Miners in Congo face subcontracting limits under new rules

Katanga copper mine in Democratic Republic of the Congo (Image courtesy of Glencore)

Companies in the Democratic Republic of Congo will have to ensure subcontractors they hire are domestically owned under rules being implemented by the government.

The requirement adds to the raft of new measures mining companies have had to contend with over the past year, after the state in March 2018 raised taxes and other costs. Investors including Glencore Plc, Randgold Resources Ltd., China Molybdenum Co. and Ivanhoe Mines Ltd. operate in Congo, the world’s largest source of cobalt and a major producer of copper and other metals.

Congo’s subcontracting regulator, known as the ARSP, “will launch very soon a campaign to identify all companies that want to participate in subcontracting activities” before licensing them, according to a statement signed by Director-General Ahmed Kalej Nkand. All unauthorized companies “will be totally excluded from the market place.”

The reforms will require companies to verify that their existing subcontractors have made the necessary adjustments to their ownership structures, Vincent Rouget, senior Africa analyst at Control Risks, said in an emailed response to questions.

  “The reforms are designed “to promote the emergence of the Congolese middle class and protect the national workforce,” — Kalej

“We expect inspections to start in the next few months,” he said. “Several provisions of the law are still ambiguous, and it is very possible companies could be found non-compliant and subject to fines despite their best efforts.”

Congo adopted a law in February 2017 that reserved the subcontracting market in all sectors of the economy for companies majority-owned by Congolese nationals and headquartered in the central African nation. The legislation hasn’t been implemented until now because its oversight body, the ARSP, wasn’t established until last May, and management not appointed until December.

The reforms are designed “to promote the emergence of the Congolese middle class and protect the national workforce,” Kalej, who headed Congo’s state-owned mining company Gecamines from 2010 to 2014, said in the statement dated April 26.

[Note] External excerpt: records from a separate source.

lemma accel_series:
  fixes a :: "'a::{real_normed_field,banach}"
  assumes "avoids_squares a"
  shows "summable (\<lambda>m. (-1) ^ m / (of_nat (Suc m) ^ 2 - a ^ 2))"
    and "(\<lambda>m. accel_summand a (Suc m)) sums (4 * (\<Sum>m. (-1) ^ m / (of_nat (Suc m) ^ 2 - a ^ 2)))"
proof -
  interpret avoids_squares a by (fact assms)
  have F0: "wz_F a 0 = (\<lambda>m. (-1) ^ m / (of_nat (Suc m) ^ 2 - a ^ 2))"
    by (simp add: fun_eq_iff wz_F_zero)
  show "summable (\<lambda>m. (-1) ^ m / (of_nat (Suc m) ^ 2 - a ^ 2))"
    using summable_wz_F_zero[of a] unfolding F0 .
  have "(\<lambda>n. wz_F a n n + wz_G a n (Suc n)) sums (\<Sum>k. wz_F a 0 k)"
    using wz_pair summable_wz_F_zero wz_F_diagonal_tendsto_zero wz_G_tail_tendsto_zero
    by (rule wz_sums)
  from sums_mult[OF this, of 4]
  show "(\<lambda>m. accel_summand a (Suc m)) sums (4 * (\<Sum>m. (-1) ^ m / (of_nat (Suc m) ^ 2 - a ^ 2)))"
    unfolding F0 accel_summand_eq_wz_diagonal .
qed

lemma accel_summand_zero:
  "accel_summand 0 n
     = (-1) ^ (n - 1) * (10 * of_nat n - 3) / (of_nat n ^ 2 * (2 * of_nat n - 1) * of_nat ((2 * n) choose n))"
proof (cases "n = 0")
  case False
  define N where "N = (of_nat n :: 'a)"
  define M where "M = 2 * N - 1"
  define C where "C = (of_nat ((2 * n) choose n) :: 'a)"
  have "M = of_nat (2 * n - 1)"
    using False unfolding M_def N_def by simp
  then have "M \<noteq> 0"
    using False by (simp del: of_nat_diff)
  moreover have "N \<noteq> 0" "C \<noteq> 0"
    using False unfolding N_def C_def by simp_all
  ultimately show ?thesis
    unfolding accel_summand_def N_def[symmetric] C_def[symmetric] M_def[symmetric]
    by (simp add: field_simps power2_eq_square)
qed (simp add: accel_summand_def)

lemma alternating_inverse_squares_sums:
  "(\<lambda>m. (-1) ^ m / real (Suc m) ^ 2) sums ((\<Sum>m. 1 / real (Suc m) ^ 2) / 2)"
proof -
  define b where "b = (\<lambda>m. 1 / real (Suc m) ^ 2)"
  define h where "h = (\<lambda>m. if odd m then b m else 0)"
  have b: "b sums (\<Sum>m. b m)"
    using summable_inverse_Suc_square unfolding b_def by (simp add: divide_inverse summable_sums)
  have "(\<lambda>k. h (2 * k + 1)) = (\<lambda>k. 1 / 4 * b k)"
    by (simp add: fun_eq_iff h_def b_def power2_eq_square field_simps)
  then have "(\<lambda>k. h (2 * k + 1)) sums (1 / 4 * (\<Sum>m. b m))"
    using sums_mult[OF b, of "1 / 4"] by simp
  moreover have "strict_mono (\<lambda>k::nat. 2 * k + 1)"
    by (rule strict_monoI) simp
  moreover have "h n = 0" if "n \<notin> range (\<lambda>k::nat. 2 * k + 1)" for n
    using that oddE[of n] unfolding h_def by (metis rangeI)
  ultimately have "h sums (1 / 4 * (\<Sum>m. b m))"
    using sums_mono_reindex[of "\<lambda>k::nat. 2 * k + 1" h] by blast
  from sums_diff[OF b sums_mult[OF this, of 2]]
  have "(\<lambda>m. b m - 2 * h m) sums ((\<Sum>m. b m) / 2)"
    by simp
  moreover have "(\<lambda>m. b m - 2 * h m) = (\<lambda>m. (-1) ^ m / real (Suc m) ^ 2)"
    by (simp add: fun_eq_iff h_def b_def)
  ultimately show ?thesis
    unfolding b_def by simp
qed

The ARSP will be part-financed by a 5% levy on the value of every subcontracting agreement, according to a decree signed by Prime Minister Bruno Tshibala last year. The fee is to be paid by the company commissioning the work, which can pass the cost on to the subcontractor, Kalej said by phone from Congo’s capital, Kinshasa.

The new mining code that Congo passed last year confirmed that subcontracting in the mining industry will be limited “to companies of which the majority of capital is held by Congolese.” The 2017 law permits companies to contract foreign-registered or foreign-owned local subcontactors when they can demonstrate “an unavailability or inaccessibility of expertise” to the ARSP, as long as the work doesn’t last longer than six months.